> _Instructions for the task_:
For the records below, print the lines from the line with "using \<open>0 <" through the line with "using big by" exactly as written; include both end lines and exclude the rest.

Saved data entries
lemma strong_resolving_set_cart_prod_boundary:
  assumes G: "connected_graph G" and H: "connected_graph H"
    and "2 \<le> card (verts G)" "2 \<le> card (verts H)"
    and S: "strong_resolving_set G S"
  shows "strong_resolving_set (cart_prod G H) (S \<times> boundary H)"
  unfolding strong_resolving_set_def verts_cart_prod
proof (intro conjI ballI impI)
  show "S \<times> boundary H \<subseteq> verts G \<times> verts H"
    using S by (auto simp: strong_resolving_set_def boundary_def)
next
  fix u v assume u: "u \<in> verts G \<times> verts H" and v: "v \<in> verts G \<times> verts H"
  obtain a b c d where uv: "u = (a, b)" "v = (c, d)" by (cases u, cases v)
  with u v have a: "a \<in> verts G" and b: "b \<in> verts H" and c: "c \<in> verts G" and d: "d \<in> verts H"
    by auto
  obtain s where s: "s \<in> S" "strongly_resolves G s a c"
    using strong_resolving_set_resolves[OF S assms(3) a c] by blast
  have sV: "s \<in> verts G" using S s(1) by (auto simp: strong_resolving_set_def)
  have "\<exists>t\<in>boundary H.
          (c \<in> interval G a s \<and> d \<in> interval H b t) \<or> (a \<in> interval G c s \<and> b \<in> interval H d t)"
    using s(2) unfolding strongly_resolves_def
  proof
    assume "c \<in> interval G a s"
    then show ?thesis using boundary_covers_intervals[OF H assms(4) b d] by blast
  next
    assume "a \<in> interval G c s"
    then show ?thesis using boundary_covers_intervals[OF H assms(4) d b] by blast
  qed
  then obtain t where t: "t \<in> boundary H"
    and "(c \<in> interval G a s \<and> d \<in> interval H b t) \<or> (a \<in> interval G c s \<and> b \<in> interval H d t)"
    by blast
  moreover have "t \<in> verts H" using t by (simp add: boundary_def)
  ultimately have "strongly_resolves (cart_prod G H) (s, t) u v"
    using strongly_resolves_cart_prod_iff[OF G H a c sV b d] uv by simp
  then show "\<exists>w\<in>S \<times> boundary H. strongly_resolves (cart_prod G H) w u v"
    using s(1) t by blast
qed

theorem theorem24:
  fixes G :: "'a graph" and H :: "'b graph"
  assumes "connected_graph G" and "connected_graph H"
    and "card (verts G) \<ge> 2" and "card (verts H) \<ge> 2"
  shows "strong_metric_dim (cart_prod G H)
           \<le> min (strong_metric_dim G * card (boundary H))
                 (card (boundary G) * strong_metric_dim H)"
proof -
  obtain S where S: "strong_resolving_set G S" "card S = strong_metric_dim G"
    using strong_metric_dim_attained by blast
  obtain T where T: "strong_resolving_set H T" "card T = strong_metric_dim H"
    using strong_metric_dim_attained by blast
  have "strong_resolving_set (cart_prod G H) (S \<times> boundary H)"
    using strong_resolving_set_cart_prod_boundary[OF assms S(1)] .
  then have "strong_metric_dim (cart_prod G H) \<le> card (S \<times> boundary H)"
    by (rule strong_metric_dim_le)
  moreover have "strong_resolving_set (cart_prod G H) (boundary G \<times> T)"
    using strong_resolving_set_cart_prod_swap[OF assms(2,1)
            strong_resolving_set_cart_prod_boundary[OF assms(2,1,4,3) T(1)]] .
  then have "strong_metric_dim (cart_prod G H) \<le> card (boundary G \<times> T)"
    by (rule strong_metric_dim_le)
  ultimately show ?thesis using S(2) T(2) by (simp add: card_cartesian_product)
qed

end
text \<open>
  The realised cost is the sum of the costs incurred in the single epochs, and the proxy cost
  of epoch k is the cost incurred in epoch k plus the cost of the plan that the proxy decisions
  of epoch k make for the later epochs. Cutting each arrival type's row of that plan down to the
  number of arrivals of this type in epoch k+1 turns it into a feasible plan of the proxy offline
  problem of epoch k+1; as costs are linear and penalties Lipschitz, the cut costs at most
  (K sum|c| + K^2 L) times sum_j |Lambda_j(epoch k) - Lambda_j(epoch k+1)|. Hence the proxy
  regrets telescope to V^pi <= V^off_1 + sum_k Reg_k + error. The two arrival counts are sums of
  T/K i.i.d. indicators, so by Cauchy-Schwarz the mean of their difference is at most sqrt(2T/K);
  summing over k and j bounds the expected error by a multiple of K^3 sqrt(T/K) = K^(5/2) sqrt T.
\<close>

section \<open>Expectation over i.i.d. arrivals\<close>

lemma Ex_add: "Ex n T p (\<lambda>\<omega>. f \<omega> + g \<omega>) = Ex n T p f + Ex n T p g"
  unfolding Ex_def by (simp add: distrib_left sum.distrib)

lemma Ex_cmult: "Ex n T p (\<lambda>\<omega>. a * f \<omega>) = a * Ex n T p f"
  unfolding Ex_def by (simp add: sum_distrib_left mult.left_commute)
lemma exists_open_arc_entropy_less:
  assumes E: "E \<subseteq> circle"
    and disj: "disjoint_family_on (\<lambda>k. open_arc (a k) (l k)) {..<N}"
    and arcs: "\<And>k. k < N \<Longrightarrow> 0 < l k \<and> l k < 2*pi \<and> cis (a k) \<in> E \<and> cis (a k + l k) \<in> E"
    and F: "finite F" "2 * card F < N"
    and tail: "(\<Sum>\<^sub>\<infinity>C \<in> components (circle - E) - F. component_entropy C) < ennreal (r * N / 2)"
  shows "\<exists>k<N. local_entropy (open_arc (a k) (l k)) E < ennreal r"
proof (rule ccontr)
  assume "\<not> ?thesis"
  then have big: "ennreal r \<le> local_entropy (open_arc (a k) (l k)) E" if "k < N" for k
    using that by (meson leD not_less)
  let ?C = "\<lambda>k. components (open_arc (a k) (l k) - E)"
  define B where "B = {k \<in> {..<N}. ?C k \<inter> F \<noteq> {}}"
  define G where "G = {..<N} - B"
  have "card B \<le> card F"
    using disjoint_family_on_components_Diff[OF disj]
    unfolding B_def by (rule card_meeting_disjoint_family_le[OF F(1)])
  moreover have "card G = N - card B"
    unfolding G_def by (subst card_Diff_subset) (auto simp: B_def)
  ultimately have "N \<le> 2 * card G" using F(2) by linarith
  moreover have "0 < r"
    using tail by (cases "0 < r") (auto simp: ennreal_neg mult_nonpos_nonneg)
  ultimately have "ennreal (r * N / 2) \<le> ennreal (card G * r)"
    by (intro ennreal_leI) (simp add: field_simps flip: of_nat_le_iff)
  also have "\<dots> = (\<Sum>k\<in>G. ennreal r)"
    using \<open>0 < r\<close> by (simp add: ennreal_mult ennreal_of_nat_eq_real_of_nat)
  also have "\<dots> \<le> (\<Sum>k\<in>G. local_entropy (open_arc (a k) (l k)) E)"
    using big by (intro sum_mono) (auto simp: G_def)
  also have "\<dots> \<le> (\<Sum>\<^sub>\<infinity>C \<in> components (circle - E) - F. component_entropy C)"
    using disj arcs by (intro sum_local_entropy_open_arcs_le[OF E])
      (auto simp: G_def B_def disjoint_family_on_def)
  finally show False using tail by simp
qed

> _The answer_:
    using \<open>0 < r\<close> by (simp add: ennreal_mult ennreal_of_nat_eq_real_of_nat)
  also have "\<dots> \<le> (\<Sum>k\<in>G. local_entropy (open_arc (a k) (l k)) E)"
    using big by (intro sum_mono) (auto simp: G_def)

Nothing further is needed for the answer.